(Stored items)

*** Begin section ***

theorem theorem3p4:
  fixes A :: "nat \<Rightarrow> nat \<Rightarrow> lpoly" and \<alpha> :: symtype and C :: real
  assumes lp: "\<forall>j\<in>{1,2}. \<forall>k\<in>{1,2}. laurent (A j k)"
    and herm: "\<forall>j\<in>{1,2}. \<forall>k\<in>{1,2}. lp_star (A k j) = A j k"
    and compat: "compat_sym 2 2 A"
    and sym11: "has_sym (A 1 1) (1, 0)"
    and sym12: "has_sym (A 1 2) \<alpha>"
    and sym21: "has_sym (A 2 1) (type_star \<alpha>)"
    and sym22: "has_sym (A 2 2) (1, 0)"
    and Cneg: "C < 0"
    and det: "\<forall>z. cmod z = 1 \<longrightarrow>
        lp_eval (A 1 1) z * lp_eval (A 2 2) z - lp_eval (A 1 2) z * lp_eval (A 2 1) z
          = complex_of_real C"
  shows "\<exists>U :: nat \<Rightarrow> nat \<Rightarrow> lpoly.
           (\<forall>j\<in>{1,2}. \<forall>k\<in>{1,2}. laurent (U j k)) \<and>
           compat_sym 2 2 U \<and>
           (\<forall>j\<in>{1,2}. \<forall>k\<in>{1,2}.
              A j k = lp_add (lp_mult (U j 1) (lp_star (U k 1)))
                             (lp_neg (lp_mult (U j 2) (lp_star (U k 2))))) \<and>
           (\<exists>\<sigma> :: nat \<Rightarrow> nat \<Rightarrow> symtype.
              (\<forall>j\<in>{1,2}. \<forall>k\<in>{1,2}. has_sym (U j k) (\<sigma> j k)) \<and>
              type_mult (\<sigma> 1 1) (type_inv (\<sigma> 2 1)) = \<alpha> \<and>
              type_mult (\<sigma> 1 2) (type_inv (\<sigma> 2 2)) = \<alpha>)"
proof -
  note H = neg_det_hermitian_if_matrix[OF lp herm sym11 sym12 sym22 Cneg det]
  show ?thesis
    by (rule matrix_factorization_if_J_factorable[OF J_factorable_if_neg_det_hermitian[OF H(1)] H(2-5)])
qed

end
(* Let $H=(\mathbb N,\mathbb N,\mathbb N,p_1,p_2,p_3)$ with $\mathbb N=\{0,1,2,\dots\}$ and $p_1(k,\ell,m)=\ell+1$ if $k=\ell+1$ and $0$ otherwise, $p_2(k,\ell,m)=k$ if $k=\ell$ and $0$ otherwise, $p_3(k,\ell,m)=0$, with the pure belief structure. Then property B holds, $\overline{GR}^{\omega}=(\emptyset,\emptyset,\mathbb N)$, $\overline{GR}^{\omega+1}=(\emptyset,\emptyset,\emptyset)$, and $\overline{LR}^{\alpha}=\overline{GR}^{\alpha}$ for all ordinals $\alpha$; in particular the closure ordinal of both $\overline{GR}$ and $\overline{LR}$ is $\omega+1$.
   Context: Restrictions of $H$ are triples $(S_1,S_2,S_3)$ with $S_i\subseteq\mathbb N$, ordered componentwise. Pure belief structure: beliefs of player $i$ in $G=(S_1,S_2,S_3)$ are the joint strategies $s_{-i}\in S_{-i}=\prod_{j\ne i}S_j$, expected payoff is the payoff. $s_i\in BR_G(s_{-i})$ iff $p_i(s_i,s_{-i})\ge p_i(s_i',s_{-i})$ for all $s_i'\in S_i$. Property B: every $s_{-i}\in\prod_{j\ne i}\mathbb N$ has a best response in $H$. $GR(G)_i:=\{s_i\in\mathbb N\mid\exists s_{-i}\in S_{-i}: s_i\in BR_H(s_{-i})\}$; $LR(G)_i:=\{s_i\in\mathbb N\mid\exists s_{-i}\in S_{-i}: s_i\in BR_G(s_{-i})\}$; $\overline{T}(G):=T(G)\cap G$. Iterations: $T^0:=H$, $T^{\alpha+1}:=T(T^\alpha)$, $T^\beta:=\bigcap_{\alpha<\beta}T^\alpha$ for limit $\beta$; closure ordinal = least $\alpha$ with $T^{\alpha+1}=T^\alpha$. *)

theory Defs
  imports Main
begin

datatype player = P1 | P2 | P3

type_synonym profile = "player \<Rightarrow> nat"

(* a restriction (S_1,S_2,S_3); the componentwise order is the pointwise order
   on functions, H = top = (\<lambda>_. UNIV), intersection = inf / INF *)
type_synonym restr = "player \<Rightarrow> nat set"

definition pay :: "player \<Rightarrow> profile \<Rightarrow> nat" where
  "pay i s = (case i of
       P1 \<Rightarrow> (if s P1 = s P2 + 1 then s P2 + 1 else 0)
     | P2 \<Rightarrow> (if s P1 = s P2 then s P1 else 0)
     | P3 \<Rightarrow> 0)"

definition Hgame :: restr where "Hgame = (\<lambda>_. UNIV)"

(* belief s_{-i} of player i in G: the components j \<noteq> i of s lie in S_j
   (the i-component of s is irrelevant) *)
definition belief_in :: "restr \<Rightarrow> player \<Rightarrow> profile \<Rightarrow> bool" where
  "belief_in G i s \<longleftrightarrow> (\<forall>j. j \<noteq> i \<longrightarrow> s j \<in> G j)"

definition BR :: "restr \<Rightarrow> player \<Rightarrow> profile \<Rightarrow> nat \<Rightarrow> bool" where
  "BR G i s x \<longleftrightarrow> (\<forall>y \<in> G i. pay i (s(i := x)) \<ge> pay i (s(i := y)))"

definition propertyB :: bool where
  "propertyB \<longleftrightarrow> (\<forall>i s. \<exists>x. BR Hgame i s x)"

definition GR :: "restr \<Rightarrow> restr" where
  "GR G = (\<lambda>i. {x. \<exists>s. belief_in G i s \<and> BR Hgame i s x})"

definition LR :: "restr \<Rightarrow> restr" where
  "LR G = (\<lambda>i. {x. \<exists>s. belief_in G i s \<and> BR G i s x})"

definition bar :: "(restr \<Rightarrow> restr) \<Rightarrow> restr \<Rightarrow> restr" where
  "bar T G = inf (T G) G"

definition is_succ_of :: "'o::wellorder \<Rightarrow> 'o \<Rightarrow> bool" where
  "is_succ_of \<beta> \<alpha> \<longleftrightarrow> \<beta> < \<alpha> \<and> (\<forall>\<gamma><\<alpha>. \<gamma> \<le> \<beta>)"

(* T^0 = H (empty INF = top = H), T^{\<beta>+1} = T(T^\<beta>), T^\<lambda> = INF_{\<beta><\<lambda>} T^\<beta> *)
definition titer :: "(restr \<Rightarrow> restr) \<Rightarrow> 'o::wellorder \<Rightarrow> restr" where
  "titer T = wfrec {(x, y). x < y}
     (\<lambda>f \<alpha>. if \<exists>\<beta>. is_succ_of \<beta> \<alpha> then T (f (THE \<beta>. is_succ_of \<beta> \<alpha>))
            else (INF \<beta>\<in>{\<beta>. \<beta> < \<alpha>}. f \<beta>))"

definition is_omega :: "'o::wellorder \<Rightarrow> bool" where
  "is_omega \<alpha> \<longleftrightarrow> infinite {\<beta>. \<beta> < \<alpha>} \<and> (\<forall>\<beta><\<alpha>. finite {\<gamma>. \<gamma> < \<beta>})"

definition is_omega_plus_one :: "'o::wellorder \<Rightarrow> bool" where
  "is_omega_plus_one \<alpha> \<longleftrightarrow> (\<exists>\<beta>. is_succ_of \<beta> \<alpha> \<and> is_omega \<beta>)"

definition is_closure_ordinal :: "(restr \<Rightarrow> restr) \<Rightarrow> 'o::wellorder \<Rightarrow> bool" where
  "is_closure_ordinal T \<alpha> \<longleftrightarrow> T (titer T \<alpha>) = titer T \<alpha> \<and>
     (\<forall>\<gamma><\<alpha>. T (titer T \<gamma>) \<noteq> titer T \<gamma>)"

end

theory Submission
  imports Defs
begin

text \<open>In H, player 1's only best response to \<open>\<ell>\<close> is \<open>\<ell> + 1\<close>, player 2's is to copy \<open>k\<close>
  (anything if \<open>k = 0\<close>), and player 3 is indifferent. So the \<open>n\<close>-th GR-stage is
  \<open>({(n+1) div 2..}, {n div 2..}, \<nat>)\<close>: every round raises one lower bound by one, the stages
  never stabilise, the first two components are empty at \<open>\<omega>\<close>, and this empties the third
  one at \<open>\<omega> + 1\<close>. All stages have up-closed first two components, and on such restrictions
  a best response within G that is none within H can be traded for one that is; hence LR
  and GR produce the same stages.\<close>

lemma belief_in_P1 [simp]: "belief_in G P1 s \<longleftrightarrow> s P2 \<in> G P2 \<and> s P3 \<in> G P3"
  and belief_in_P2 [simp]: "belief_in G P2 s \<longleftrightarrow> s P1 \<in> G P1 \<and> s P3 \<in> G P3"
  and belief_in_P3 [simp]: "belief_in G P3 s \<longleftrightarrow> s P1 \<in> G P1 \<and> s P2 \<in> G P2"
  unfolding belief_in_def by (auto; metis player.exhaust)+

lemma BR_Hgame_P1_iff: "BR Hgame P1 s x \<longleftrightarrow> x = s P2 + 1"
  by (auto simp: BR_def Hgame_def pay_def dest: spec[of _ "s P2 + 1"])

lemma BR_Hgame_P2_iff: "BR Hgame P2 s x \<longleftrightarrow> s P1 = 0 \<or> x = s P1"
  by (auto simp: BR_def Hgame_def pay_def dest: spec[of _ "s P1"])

*** End section ***

--- Problem details ---
Only the lines above from the one with "and C :: real" through the one with "type_mult (\<sigma> 1 1)" should be duplicated, character for character.

--- Output for this task ---
  fixes A :: "nat \<Rightarrow> nat \<Rightarrow> lpoly" and \<alpha> :: symtype and C :: real
  assumes lp: "\<forall>j\<in>{1,2}. \<forall>k\<in>{1,2}. laurent (A j k)"
    and herm: "\<forall>j\<in>{1,2}. \<forall>k\<in>{1,2}. lp_star (A k j) = A j k"
    and compat: "compat_sym 2 2 A"
    and sym11: "has_sym (A 1 1) (1, 0)"
    and sym12: "has_sym (A 1 2) \<alpha>"
    and sym21: "has_sym (A 2 1) (type_star \<alpha>)"
    and sym22: "has_sym (A 2 2) (1, 0)"
    and Cneg: "C < 0"
    and det: "\<forall>z. cmod z = 1 \<longrightarrow>
        lp_eval (A 1 1) z * lp_eval (A 2 2) z - lp_eval (A 1 2) z * lp_eval (A 2 1) z
          = complex_of_real C"
  shows "\<exists>U :: nat \<Rightarrow> nat \<Rightarrow> lpoly.
           (\<forall>j\<in>{1,2}. \<forall>k\<in>{1,2}. laurent (U j k)) \<and>
           compat_sym 2 2 U \<and>
           (\<forall>j\<in>{1,2}. \<forall>k\<in>{1,2}.
              A j k = lp_add (lp_mult (U j 1) (lp_star (U k 1)))
                             (lp_neg (lp_mult (U j 2) (lp_star (U k 2))))) \<and>
           (\<exists>\<sigma> :: nat \<Rightarrow> nat \<Rightarrow> symtype.
              (\<forall>j\<in>{1,2}. \<forall>k\<in>{1,2}. has_sym (U j k) (\<sigma> j k)) \<and>
              type_mult (\<sigma> 1 1) (type_inv (\<sigma> 2 1)) = \<alpha> \<and>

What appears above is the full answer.